[jira] [Comment Edited] (ARROW-12680) [Python] StructScalar Timestamp using .to_pandas() loses/converts type

Joris Van den Bossche (Jira) Mon, 17 May 2021 02:06:03 -0700


    [ 
https://issues.apache.org/jira/browse/ARROW-12680?page=com.atlassian.jira.plugin.system.issuetabpanels:comment-tabpanel&focusedCommentId=17341003#comment-17341003
 ]


Joris Van den Bossche edited comment on ARROW-12680 at 5/17/21, 9:05 AM:
-------------------------------------------------------------------------

I think there is indeed a bug here.  Let me try and demystify some of what is 
going on.  There are 5+ temporal types in pyarrow but everything you are doing 
is currently related to just one, the timestamp type.  The timestamp type 
represents seconds, milliseconds, microseconds, or nanoseconds from the epoch.  
In addition there may or may not be a time zone string.  Finally, these types 
may or may not be in a struct (which shouldn't matter but does here...which is 
the bug).

In pandas there are 3+ ways to represent temporal information.  The 
datetime.datetime object,  A pandas.Timestamp, and an integer.

 

When you first read in your table you are getting a struct where the 'date' 
field is a timestamp with **nanosecond** resolution.

When you save your table and then reload it the timestamp is being truncated.  
This is because pq.write_table with version==1.0 (the default in pyarrow 3) 
will truncate nanosecond timestamps down to microseconds.

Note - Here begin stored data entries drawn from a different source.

lemma integrable_likelihood_ratio:
  assumes "a \<in> weight_simplex" "0 < a $ d"
  shows "integrable P (\<lambda>z. q d (fst z) (snd z) / mixture q a z)"
proof (rule integrable_const_bound[where B = "1 / a $ d"])
  show "AE z in P. norm (q d (fst z) (snd z) / mixture q a z) \<le> 1 / a $ d"
    using q_pos_AE
  proof eventually_elim
    case (elim z)
    have "0 < mixture q a z" using assms(1) elim by (rule mixture_pos)
    moreover have "a $ d * q d (fst z) (snd z) \<le> mixture q a z"
      using assms(1) elim by (intro mixture_term_le) (auto simp: less_imp_le)
    moreover have "0 < q d (fst z) (snd z)" using elim by simp
    ultimately show ?case
      using assms(2) by (simp add: divide_simps mult.commute)
  qed
qed measurable

lemma posterior_weight_bounds:
  assumes "a \<in> weight_simplex" "\<forall>d. 0 < q d (fst z) (snd z)"
  shows "0 \<le> a $ d * q d (fst z) (snd z) / mixture q a z"
    and "a $ d * q d (fst z) (snd z) / mixture q a z \<le> 1"
proof -
  have "0 < mixture q a z" using assms by (rule mixture_pos)
  moreover have "a $ d * q d (fst z) (snd z) \<le> mixture q a z"
    using assms by (intro mixture_term_le) (auto simp: less_imp_le)
  moreover have "0 \<le> a $ d" using assms(1) by (simp add: weight_simplex_def)
  ultimately show "0 \<le> a $ d * q d (fst z) (snd z) / mixture q a z"
    and "a $ d * q d (fst z) (snd z) / mixture q a z \<le> 1"
    using assms(2) by (simp_all add: less_imp_le)
qed

lemma posterior_weights_sum:
  assumes "a \<in> weight_simplex" "\<forall>d. 0 < q d (fst z) (snd z)"
  shows "(\<Sum>d\<in>UNIV. a $ d * q d (fst z) (snd z) / mixture q a z) = 1"
  using mixture_pos[of a q z] assms
  by (simp add: sum_divide_distrib[symmetric] mixture_def)

lemma integrable_posterior_weight:
  assumes "a \<in> weight_simplex"
  shows "integrable P (\<lambda>z. a $ d * q d (fst z) (snd z) / mixture q a z)"
proof (rule integrable_const_bound[where B = 1])
  show "AE z in P. norm (a $ d * q d (fst z) (snd z) / mixture q a z) \<le> 1"
    using q_pos_AE
  proof (rule eventually_mono)
    fix z assume "\<forall>d. 0 < q d (fst z) (snd z)"
    with posterior_weight_bounds[OF assms this]
    show "norm (a $ d * q d (fst z) (snd z) / mixture q a z) \<le> 1"
      by (simp only: real_norm_def abs_le_iff) (metis order_trans neg_le_0_iff_le zero_le_one)
  qed
qed measurable

lemma em_step_eq: "em_step a $ d = a $ d * em_factor a d"
  unfolding em_step_def em_factor_def
  using integral_mult_right_zero[of P "a $ d" "\<lambda>z. q d (fst z) (snd z) / mixture q a z"] by simp

lemma em_factor_pos:
  assumes "a \<in> weight_simplex" "0 < a $ d"
  shows "0 < em_factor a d"
proof -
  have int: "integrable P (\<lambda>z. q d (fst z) (snd z) / mixture q a z)"
    using assms by (rule integrable_likelihood_ratio)
  have pos: "AE z in P. 0 < q d (fst z) (snd z) / mixture q a z"
    using q_pos_AE by (rule eventually_mono) (simp add: mixture_pos[OF assms(1)])
  then have nonneg: "AE z in P. 0 \<le> q d (fst z) (snd z) / mixture q a z"
    by eventually_elim simp
  have "em_factor a d \<noteq> 0"
  proof
    assume "em_factor a d = 0"
    then have "AE z in P. q d (fst z) (snd z) / mixture q a z = 0"
      using integral_nonneg_eq_0_iff_AE[OF int nonneg] by (simp add: em_factor_def)
    with pos have "AE z in P. False" by eventually_elim simp
    then show False by simp
  qed
  moreover have "0 \<le> em_factor a d"
    unfolding em_factor_def by (rule integral_nonneg_AE[OF nonneg])
  ultimately show ?thesis by simp
qed

lemma em_step_coord_pos:
  assumes "a \<in> weight_simplex" "0 < a $ d"
  shows "0 < em_step a $ d"
  using assms em_factor_pos[OF assms] by (simp add: em_step_eq)

lemma em_step_in_simplex:
  assumes "a \<in> weight_simplex"
  shows "em_step a \<in> weight_simplex"
proof -
  have "AE z in P. 0 \<le> a $ d * q d (fst z) (snd z) / mixture q a z" for d
    using q_pos_AE by (rule eventually_mono) (rule posterior_weight_bounds(1)[OF assms])
  then have nonneg: "0 \<le> em_step a $ d" for d
    unfolding em_step_def by (simp add: integral_nonneg_AE)
  have "(\<Sum>d\<in>UNIV. em_step a $ d)
      = (\<integral>z. (\<Sum>d\<in>UNIV. a $ d * q d (fst z) (snd z) / mixture q a z) \<partial>P)"
    unfolding em_step_def
    by (simp add: Bochner_Integration.integral_sum integrable_posterior_weight[OF assms])
  also have "\<dots> = (\<integral>z. 1 \<partial>P)"
    using q_pos_AE
    by (intro integral_cong_AE) (auto elim!: eventually_mono intro: posterior_weights_sum[OF assms])
  also have "\<dots> = 1" by (simp add: prob_space)
  finally show ?thesis using nonneg by (simp add: weight_simplex_def)
qed

lemma log_likelihood_gain_le:
  assumes a: "a \<in> weight_simplex" "\<forall>d. 0 < a $ d" and b: "b \<in> weight_simplex"
  shows "log_likelihood b - log_likelihood a \<le> (\<Sum>d\<in>UNIV. em_step b $ d * ln (em_factor a d))"
proof -
  let ?c = "em_factor a"
  have c: "\<forall>d. 0 < ?c d" using em_factor_pos a by blast
  define A where "A z = (\<Sum>d\<in>UNIV. b $ d * q d (fst z) (snd z) / mixture q b z * ln (?c d))" for z
  define C where "C z = (\<Sum>d\<in>UNIV. b $ d / ?c d * (q d (fst z) (snd z) / mixture q a z))" for z
  have int_A: "integrable P A" unfolding A_def
    by (intro Bochner_Integration.integrable_sum integrable_mult_left integrable_posterior_weight b)
  have int_C: "integrable P C" unfolding C_def
    by (intro Bochner_Integration.integrable_sum integrable_mult_right integrable_likelihood_ratio a(1))
      (simp add: a(2))
  have integral_A: "integral\<^sup>L P A = (\<Sum>d\<in>UNIV. em_step b $ d * ln (?c d))"
  proof -
    have "integral\<^sup>L P A
        = (\<Sum>d\<in>UNIV. \<integral>z. b $ d * q d (fst z) (snd z) / mixture q b z * ln (?c d) \<partial>P)"
      unfolding A_def
      by (intro Bochner_Integration.integral_sum integrable_mult_left integrable_posterior_weight b)
    then show ?thesis
      unfolding em_step_def by (simp only: integral_mult_left_zero vec_lambda_beta)
  qed
  have integral_C: "integral\<^sup>L P C = 1"
  proof -
    have "integral\<^sup>L P C
        = (\<Sum>d\<in>UNIV. \<integral>z. b $ d / ?c d * (q d (fst z) (snd z) / mixture q a z) \<partial>P)"
      unfolding C_def
      by (intro Bochner_Integration.integral_sum integrable_mult_right integrable_likelihood_ratio
          a(1)) (simp add: a(2))
    also have "\<dots> = (\<Sum>d\<in>UNIV. b $ d / ?c d * ?c d)"
      unfolding em_factor_def by (simp only: integral_mult_right_zero)
    also have "\<dots> = (\<Sum>d\<in>UNIV. b $ d)"
      by (rule sum.cong[OF refl]) (metis c less_irrefl nonzero_eq_divide_eq)
    also have "\<dots> = 1" using b by (simp add: weight_simplex_def)
    finally show ?thesis .
  qed
  have "log_likelihood b - log_likelihood a
      = (\<integral>z. ln (mixture q b z) - ln (mixture q a z) \<partial>P)"
    unfolding log_likelihood_def using a b by (simp add: integrable_ln_mixture)
  also have "\<dots> \<le> (\<integral>z. A z + C z - 1 \<partial>P)"
  proof (rule integral_mono_AE)
    show "integrable P (\<lambda>z. ln (mixture q b z) - ln (mixture q a z))"
      using a b by (simp add: integrable_ln_mixture)
    show "integrable P (\<lambda>z. A z + C z - 1)" using int_A int_C by simp
    show "AE z in P. ln (mixture q b z) - ln (mixture q a z) \<le> A z + C z - 1"
      using q_pos_AE
      by (rule eventually_mono) (unfold A_def C_def, rule ln_mixture_diff_le[OF a(1) b c])
  qed
  also have "\<dots> = integral\<^sup>L P A + integral\<^sup>L P C - 1"
    using int_A int_C by (simp add: prob_space)
  also have "\<dots> = (\<Sum>d\<in>UNIV. em_step b $ d * ln (em_factor a d))"
    by (simp add: integral_A integral_C)
  finally show ?thesis .
qed

lemma continuous_on_log_likelihood: "continuous_on weight_simplex log_likelihood"
proof (rule continuous_on_sequentiallyI)
  fix u :: "nat \<Rightarrow> real^'d" and a :: "real^'d"
  assume u: "\<forall>n. u n \<in> weight_simplex" and a: "a \<in> weight_simplex" and lim: "u \<longlonglongrightarrow> a"
  show "(\<lambda>n. log_likelihood (u n)) \<longlonglongrightarrow> log_likelihood a"
    unfolding log_likelihood_def
  proof (rule integral_dominated_convergence[OF _ _ integrable_ln_mixture_bound])
    show "AE z in P. (\<lambda>n. ln (mixture q (u n) z)) \<longlonglongrightarrow> ln (mixture q a z)"
      using q_pos_AE
    proof (rule eventually_mono)
      fix z assume z: "\<forall>d. 0 < q d (fst z) (snd z)"
      have "(\<lambda>n. mixture q (u n) z) \<longlonglongrightarrow> mixture q a z"
        unfolding mixture_def by (intro tendsto_intros lim)
      then show "(\<lambda>n. ln (mixture q (u n) z)) \<longlonglongrightarrow> ln (mixture q a z)"
        by (rule tendsto_ln) (use mixture_pos[of a q z] a z in simp)
    qed
    show "AE z in P. norm (ln (mixture q (u n) z))
        \<le> ln (real CARD('d)) + (\<Sum>d\<in>UNIV. \<bar>ln (q d (fst z) (snd z))\<bar>)" for n
      using q_pos_AE by (rule eventually_mono) (simp add: abs_ln_mixture_le u)
  qed measurable
qed
text \<open>Moving the whole weight of w onto another point u of W turns a convex combination
  over W into one over W - {w}.\<close>

lemma convex_hull_shift_weight:
  fixes W :: "'a::real_vector set"
  assumes "finite W" "w \<in> W" "u \<in> W" "w \<noteq> u" "\<forall>v\<in>W. 0 \<le> c v" "sum c W = 1"
  shows "(\<Sum>v\<in>W. c v *\<^sub>R v) + c w *\<^sub>R (u - w) \<in> convex hull (W - {w})"
proof -
  define c' where "c' = (\<lambda>v. c v + (if v = u then c w else 0))"
  have fin: "finite (W - {w})" and uin: "u \<in> W - {w}" using assms by auto
  have "sum c' (W - {w}) = sum c (W - {w}) + c w"
    unfolding c'_def using fin uin by (simp add: sum.distrib)
  also have "\<dots> = 1" using sum.remove[OF assms(1,2), of c] assms(6) by simp
  finally have weights: "sum c' (W - {w}) = 1" .
  have "(\<Sum>v\<in>W - {w}. c' v *\<^sub>R v)
      = (\<Sum>v\<in>W - {w}. c v *\<^sub>R v + (if v = u then c w *\<^sub>R u else 0))"
    unfolding c'_def by (intro sum.cong) (auto simp: scaleR_add_left)
  also have "\<dots> = (\<Sum>v\<in>W - {w}. c v *\<^sub>R v) + c w *\<^sub>R u"
    using fin uin by (simp add: sum.distrib)
  also have "\<dots> = (\<Sum>v\<in>W. c v *\<^sub>R v) + c w *\<^sub>R (u - w)"
    using sum.remove[OF assms(1,2), of "\<lambda>v. c v *\<^sub>R v"] by (simp add: algebra_simps)
  finally have point: "(\<Sum>v\<in>W - {w}. c' v *\<^sub>R v) = (\<Sum>v\<in>W. c v *\<^sub>R v) + c w *\<^sub>R (u - w)" .
  have "\<forall>v\<in>W - {w}. 0 \<le> c' v" using assms(2,5) unfolding c'_def by auto
  then show ?thesis unfolding convex_hull_finite[OF fin] using weights point by blast
qed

So when you next read in your table you are getting a struct where the 'date' 
field is a timestamp with **microsecond** resolution.

Finally, It seems this may be a regression of 
https://issues.apache.org/jira/browse/ARROW-7723

 
{code:java}
import pyarrow as pa
import datetime
pylist = [datetime.datetime.now()]
arr1 = pa.array(pylist, pa.timestamp(unit='ms'))
arr2 = pa.array(pylist, pa.timestamp(unit='ns'))
sarr = pa.StructArray.from_arrays([arr1, arr2], names=['ms', 'ns'])
table = pa.Table.from_arrays([arr1, arr2, sarr], ['ms', 'ns', 'struct'])
print(table.to_pandas())
{code}
 
{code:java}
                       ms                         ns                            
                 struct
0 2021-05-07 08:46:15.898 2021-05-07 08:46:15.898716  {'ms': 2021-05-07 
08:46:15.898000, 'ns': 16203...

{code}
 

As for workarounds...if your schema is reliable you could cast from nanosecond 
resolution to us resolution (struct casting isn't working quite right 
(ARROW-1888) so it's a bit clunky):

 
{code:java}
import pyarrow as pa
import pyarrow.compute as pc

dates = pa.array([datetime.datetime.now()], pa.timestamp(unit='ns'))
values = pa.array([200.37], pa.float64())
observations = pa.StructArray.from_arrays([dates, values], names=['dates', 
'values'])
desired_type = pa.struct([pa.field('dates', pa.timestamp(unit='us')), 
pa.field('values', pa.float64())])
tbl = pa.Table.from_arrays([observations], ['observations'])
print(tbl.to_pandas())

bad_observations = tbl.column('observations').chunks
values = [chunk.field('values') for chunk in bad_observations]
bad_dates = [chunk.field('dates') for chunk in bad_observations]
good_dates = [pc.cast(bad_dates_chunk, pa.timestamp(unit='us')) for 
bad_dates_chunk in bad_dates]
good_observations_chunks = []
for i in range(len(good_dates)):
    good_observations_chunks.append(pa.StructArray.from_arrays([good_dates[i], 
values[i]], names=['dates', 'values']))
good_observations = pa.chunked_array(good_observations_chunks)
tbl = tbl.set_column(0, 'observations', good_observations)
print(tbl.to_pandas())
{code}
 


was (Author: westonpace):
I think there is indeed a bug here.  Let me try and demystify some of what is 
going on.  There are 5+ temporal types in pyarrow but everything you are doing 
is currently related to just one, the timestamp type.  The timestamp type 
represents seconds, milliseconds, microseconds, or nanoseconds from the epoch.  
In addition there may or may not be a time zone string.  Finally, these types 
may or may not be in a struct (which shouldn't matter but does here...which is 
the bug).

In pandas there are 3+ ways to represent temporal information.  The 
datetime.datetime object,  A pandas.Timestamp, and an integer.

 

When you first read in your table you are getting a struct where the 'date' 
field is a timestamp with **nanosecond** resolution.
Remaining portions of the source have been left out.